Venti i porporati che concelebrano, tra i quali il segretario di Stato, Pietro Parolin. Ventiquattro i vescovi. Con i membri del corpo diplomatico accreditato presso la Santa Sede, anche gli arcivescovi Edgar Peña Parra, sostituto della segreteria di Stato, e Paul Richard Gallagher, segretario per i Rapporti con gli Stati. Fra le panche esponenti del mondo della cultura e della politica. Compreso il premier Giuseppe Conte, legato a Villa Nazareth, che alla fine viene salutato dal Papa. «È lì che Silvestrini ha declinato nel concreto il Vangelo della carità», sottolinea l’arcivescovo Riccardo Fontana.

Le vite di Fontana e Silvestrini si incrociano prima nelle aule. Il futuro cardinale è controrelatore della tesi di Fontana alla Pontificia Università Lateranense e suo docente alla Pontificia Accademia ecclesiastica. Poi in segreteria di Stato dove Fontana arriva dopo l’esperienza nella nunziatura in Indonesia. «Sono stato accanto a don Achille nel Consiglio per gli affari pubblici della Chiesa fino alla sua nomina a prefetto del Supremo Tribunale della Segnatura Apostolica nel 1988», racconta il presule. E confida: «Come molti romagnoli aveva un carattere asciutto, alieno da qualsiasi forma di clericalismo». Fontana torna con la mente alle giornate nel Palazzo Apostolico. «Silvestrini aveva una capacità di lavoro straordinaria. Arrivava prestissimo al mattino. Non c’era orario per il pranzo. E potevamo andare avanti fino alla tarda serata. Ma dietro i dossier o le carte Silvestrini vedeva sempre gli uomini». Il vescovo di Arezzo-Cortona-Sansepolcro delinea la visione “silvestriniana” della diplomazia che «va vissuta con competenza e distacco allo stesso tempo, senza ricercare privilegi ma il bene comune». E cita l’Ostpolitik. «Mai ci furono cedimenti oltre la cortina di ferro. Qualcuno avrebbe preferito magari una “crociata” a favore della Chiesa.
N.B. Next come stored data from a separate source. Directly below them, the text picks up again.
lemma spanning_tree_star_tree:
  assumes "1 \<le> n"
  shows "spanning_tree n (star_tree n)"
  unfolding spanning_tree_def
proof (intro conjI)
  show "star_tree n \<subseteq> {e. is_edge n e}"
    using assms by (auto simp: star_tree_def intro: is_edgeI)
  show "connected_on n (star_tree n)"
    by (rule connected_on_via_center) (auto simp: star_tree_def)
  have "inj_on (\<lambda>v. {0::nat, v}) {1..<n}"
    by (auto simp: inj_on_def doubleton_eq_iff)
  then show "card (star_tree n) = n - 1"
    by (simp add: star_tree_def card_image)
qed (use assms in simp)

definition encoding_links :: "nat \<Rightarrow> nat \<Rightarrow> (nat \<Rightarrow> nat) \<Rightarrow> (nat set \<times> nat) list" where
  "encoding_links m W x = map (\<lambda>j. ({0, Suc j}, W ^ x j)) [0..<m]"

definition query_links :: "nat \<Rightarrow> nat \<Rightarrow> (nat set \<times> nat) list" where
  "query_links m i = map (\<lambda>j. ({Suc j, Suc m}, 0)) (filter (\<lambda>j. j \<noteq> i) [0..<m]) @ [({0, Suc m}, 0)]"

lemma set_encoding_links: "set (encoding_links m W x) = (\<lambda>j. ({0, Suc j}, W ^ x j)) ` {..<m}"
  by (auto simp: encoding_links_def)

lemma set_query_links:
  "set (query_links m i) = insert ({0, Suc m}, 0) ((\<lambda>j. ({Suc j, Suc m}, 0)) ` {j. j < m \<and> j \<noteq> i})"
  by (auto simp: query_links_def)

lemma valid_stream_appendD: "valid_stream n (xs @ ys) \<Longrightarrow> valid_stream n xs"
  by (auto simp: valid_stream_def)

lemma valid_stream_encoding_query_links:
  "valid_stream (Suc (Suc m)) (encoding_links m W x @ query_links m i)"
  unfolding valid_stream_def
proof
  have "inj_on (\<lambda>j. {0::nat, Suc j}) A" "inj_on (\<lambda>j. {Suc j, Suc m}) A" for A
    by (auto simp: inj_on_def doubleton_eq_iff)
  then show "distinct (map fst (encoding_links m W x @ query_links m i))"
    by (auto simp: encoding_links_def query_links_def distinct_map image_iff doubleton_eq_iff comp_def)
  show "\<forall>(l, w)\<in>set (encoding_links m W x @ query_links m i). is_edge (Suc (Suc m)) l"
    by (auto simp: set_encoding_links set_query_links intro: is_edgeI)
qed

lemma leaf_link_unique:
  assumes "(l, w) \<in> set (encoding_links m W x @ query_links m i)" and "Suc i \<in> l" and "i < m"
  shows "(l, w) = ({0, Suc i}, W ^ x i)"
  using assms by (auto simp: set_encoding_links set_query_links)

lemma augments_star_tree_query_solution:
  assumes "i < m"
  shows "augments (Suc (Suc m)) (star_tree (Suc (Suc m)))
           (insert {0, Suc i} (fst ` set (query_links m i)))"
  unfolding augments_def
proof (rule two_edge_connectedI)
  let ?I = "Inl ` star_tree (Suc (Suc m)) \<union> Inr ` insert {0, Suc i} (fst ` set (query_links m i))"
  show "?I \<noteq> {}" by blast
  fix d
  let ?E = "case_sum id id ` (?I - {d})"
  show "connected_on (Suc (Suc m)) ?E"
  proof (rule connected_on_via_center)
    fix v assume v: "0 < v" "v < Suc (Suc m)"
    have kept: "e \<in> ?E" if "a \<in> ?I" "a \<noteq> d" "e = case_sum id id a" for a e
      using that by (intro image_eqI[of e _ a]) auto
    have tree_edge: "Inl {0, v} \<in> ?I"
      using v by (auto simp: star_tree_def)
    obtain k where "v = Suc k" "k \<le> m"
      using v by (cases v) auto
    then consider "v = Suc i \<or> v = Suc m" | j where "j < m" "j \<noteq> i" "v = Suc j"
      using le_neq_implies_less by blast
    then show "{0, v} \<in> ?E \<or> (\<exists>z. {v, z} \<in> ?E \<and> {0, z} \<in> ?E)"
    proof cases
      case 1
      \<comment> \<open>the edge {0, v} is both a tree edge and a link, so one copy survives\<close>
      then have "Inr {0, v} \<in> ?I"
        by (auto simp: set_query_links)
      then have "{0, v} \<in> ?E"
        using kept[OF tree_edge _ refl] kept[of "Inr {0, v}", OF _ _ refl]
        by (cases "d = Inl {0, v}") simp_all
      then show ?thesis ..
    next
      case 2
      have hub_link: "Inr {v, Suc m} \<in> ?I" and hub_edge: "Inl {0, Suc m} \<in> ?I"
        using 2 by (auto simp: set_query_links star_tree_def image_iff)
      show ?thesis
      proof (cases "d = Inl {0, v}")
        case True
        have "{0, Suc m} \<noteq> {0, v}"
          using 2 by (auto simp: doubleton_eq_iff)
        then have "{v, Suc m} \<in> ?E" "{0, Suc m} \<in> ?E"
          using kept[OF hub_link _ refl] kept[OF hub_edge _ refl] True by simp_all
        then show ?thesis by (intro disjI2 exI[of _ "Suc m"] conjI)
      next
        case False
        then show ?thesis
          using kept[OF tree_edge _ refl] by simp
      qed
    qed
  qed
qed

lemma feasible_sol_contains_leaf_link:
  assumes "i < m"
    and feasible: "feasible_sol (Suc (Suc m)) (star_tree (Suc (Suc m)))
                     (encoding_links m W x @ query_links m i) S"
  shows "({0, Suc i}, W ^ x i) \<in> S"
proof (rule ccontr)
  assume not_in: "({0, Suc i}, W ^ x i) \<notin> S"
  let ?I = "Inl ` star_tree (Suc (Suc m)) \<union> Inr ` fst ` S"
  let ?d = "Inl {0, Suc i} :: nat set + nat set"
  let ?E = "case_sum id id ` (?I - {?d})"
  have "?d \<in> ?I"
    by (intro UnI1 imageI) (use \<open>i < m\<close> in \<open>auto simp: star_tree_def\<close>)
  have "two_edge_connected (Suc (Suc m)) ?I (case_sum id id)"
    using feasible by (simp add: feasible_sol_def augments_def)
  then have "\<forall>d\<in>?I. connected_on (Suc (Suc m)) (case_sum id id ` (?I - {d}))"
    unfolding two_edge_connected_def by (rule conjunct2)
  then have "connected_on (Suc (Suc m)) ?E"
    using \<open>?d \<in> ?I\<close> by (rule bspec)
  moreover have "\<forall>e \<in> ?E. Suc i \<notin> e"
  proof (intro ballI notI)
    fix e assume "e \<in> ?E" "Suc i \<in> e"
    then obtain a where a: "e = case_sum id id a" "a \<in> ?I" "a \<noteq> ?d"
      by (auto elim!: imageE)
    show False
    proof (cases a)
      case (Inl t)
      then obtain v where "t = {0, v}"
        using a(2) by (auto simp: star_tree_def)
      moreover have "v \<noteq> Suc i"
        using a(3) Inl calculation by auto
      ultimately show False
        using \<open>Suc i \<in> e\<close> a(1) Inl by simp
    next
      case (Inr l)
      then obtain w where "(l, w) \<in> S"
        using a(2) by auto
      then have "(l, w) = ({0, Suc i}, W ^ x i)"
        using feasible \<open>Suc i \<in> e\<close> a(1) Inr \<open>i < m\<close>
        by (intro leaf_link_unique) (auto simp: feasible_sol_def)
      with \<open>(l, w) \<in> S\<close> not_in show False by simp
    qed
  qed
  then have "\<not> connected_on (Suc (Suc m)) ?E"
    by (rule not_connected_on_if_isolated[where u = 0]) (use \<open>i < m\<close> in simp_all)
  ultimately show False by contradiction
qed

lemma opt_tap_eqI:
  assumes "feasible_sol n T xs S\<^sub>0"
    and "\<And>S. feasible_sol n T xs S \<Longrightarrow> sum snd S\<^sub>0 \<le> sum snd S"
  shows "opt_tap n T xs = sum snd S\<^sub>0"
  unfolding opt_tap_def
proof (rule Min_eqI)
  have "{sum snd S |S. feasible_sol n T xs S} \<subseteq> sum snd ` Pow (set xs)"
    by (auto simp: feasible_sol_def)
  then show "finite {sum snd S |S. feasible_sol n T xs S}"
    by (rule finite_subset) simp
  show "sum snd S\<^sub>0 \<in> {sum snd S |S. feasible_sol n T xs S}"
    using assms(1) by blast
  show "sum snd S\<^sub>0 \<le> y" if "y \<in> {sum snd S |S. feasible_sol n T xs S}" for y
    using that assms(2) by blast
qed

lemma opt_tap_encoding_query_links:
  assumes "i < m"
  shows "feasible_sol (Suc (Suc m)) (star_tree (Suc (Suc m))) (encoding_links m W x @ query_links m i)
           (insert ({0, Suc i}, W ^ x i) (set (query_links m i)))" (is ?feasible)
    and "opt_tap (Suc (Suc m)) (star_tree (Suc (Suc m))) (encoding_links m W x @ query_links m i)
           = W ^ x i" (is ?opt)
proof -
  let ?xs = "encoding_links m W x @ query_links m i"
  let ?S\<^sub>0 = "insert ({0, Suc i}, W ^ x i) (set (query_links m i))"
  have "({0, Suc i}, W ^ x i) \<in> set (encoding_links m W x)"
    unfolding set_encoding_links using assms by (intro image_eqI[of _ _ i]) auto
  then have "?S\<^sub>0 \<subseteq> set ?xs" by simp
  then show ?feasible
    using augments_star_tree_query_solution[OF assms] by (simp add: feasible_sol_def)
  have "({0, Suc i}, W ^ x i) \<notin> set (query_links m i)"
  proof
    assume "({0, Suc i}, W ^ x i) \<in> set (query_links m i)"
    then consider "{0, Suc i} = {0, Suc m}" | j where "{0, Suc i} = {Suc j, Suc m}"
      by (auto simp: set_query_links)
    then show False
      using assms by cases (auto simp: doubleton_eq_iff)
  qed
  moreover have "sum snd (set (query_links m i)) = 0"
    by (rule sum.neutral) (auto simp: set_query_links)
  ultimately have "sum snd ?S\<^sub>0 = W ^ x i"
    by simp
  moreover have "W ^ x i \<le> sum snd S"
    if "feasible_sol (Suc (Suc m)) (star_tree (Suc (Suc m))) ?xs S" for S
  proof -
    have "finite S"
      using that by (auto simp: feasible_sol_def intro: finite_subset)
    with feasible_sol_contains_leaf_link[OF assms that] have "snd ({0, Suc i}, W ^ x i) \<le> sum snd S"
      by (intro member_le_sum) auto
    then show ?thesis by simp
  qed
  ultimately show ?opt
    using opt_tap_eqI[OF \<open>?feasible\<close>] by simp
qed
Silvestrini seguì la via della pazienza portando a casa risultati inaspettati». E il Concordato? «È stato frutto di una mediazione certosina». Fontana tiene a sottolineare anche la «vicinanza di don Achille a chi era in difficoltà» e la sua «passione per la storia». «Si deve a lui il progetto di pubblicare gli Atti e documenti della Santa Sede relativi al periodo della seconda Guerra mondiale. Un’operazione di trasparenza fuori del comune».

Subito dopo le esequie nella Basilica Vaticana, le spoglie del cardinale Achille Silvestrini sono state portate a Villa Nazareth dove è stata celebrata una Messa. Sabato mattina la salma giungerà a Brisighella, paese d’origine del porporato in Romagna, dove alle 16 nella collegiata di San Michele Arcangelo si terrà la Messa presieduta dal vescovo di Faenza-Modigliana, Mario Toso, prima della sepoltura. In una nota Toso ha messo tra l’altro in luce l’impegno sociopolitico del cardinale e ha sottolineato che il porporato «ha seguito il cammino della nostra diocesi e delle Chiese sorelle di Romagna: anche a lui va il grazie per aver organizzato la visita di san Giovanni Paolo II in terra di Romagna nel maggio del 1986».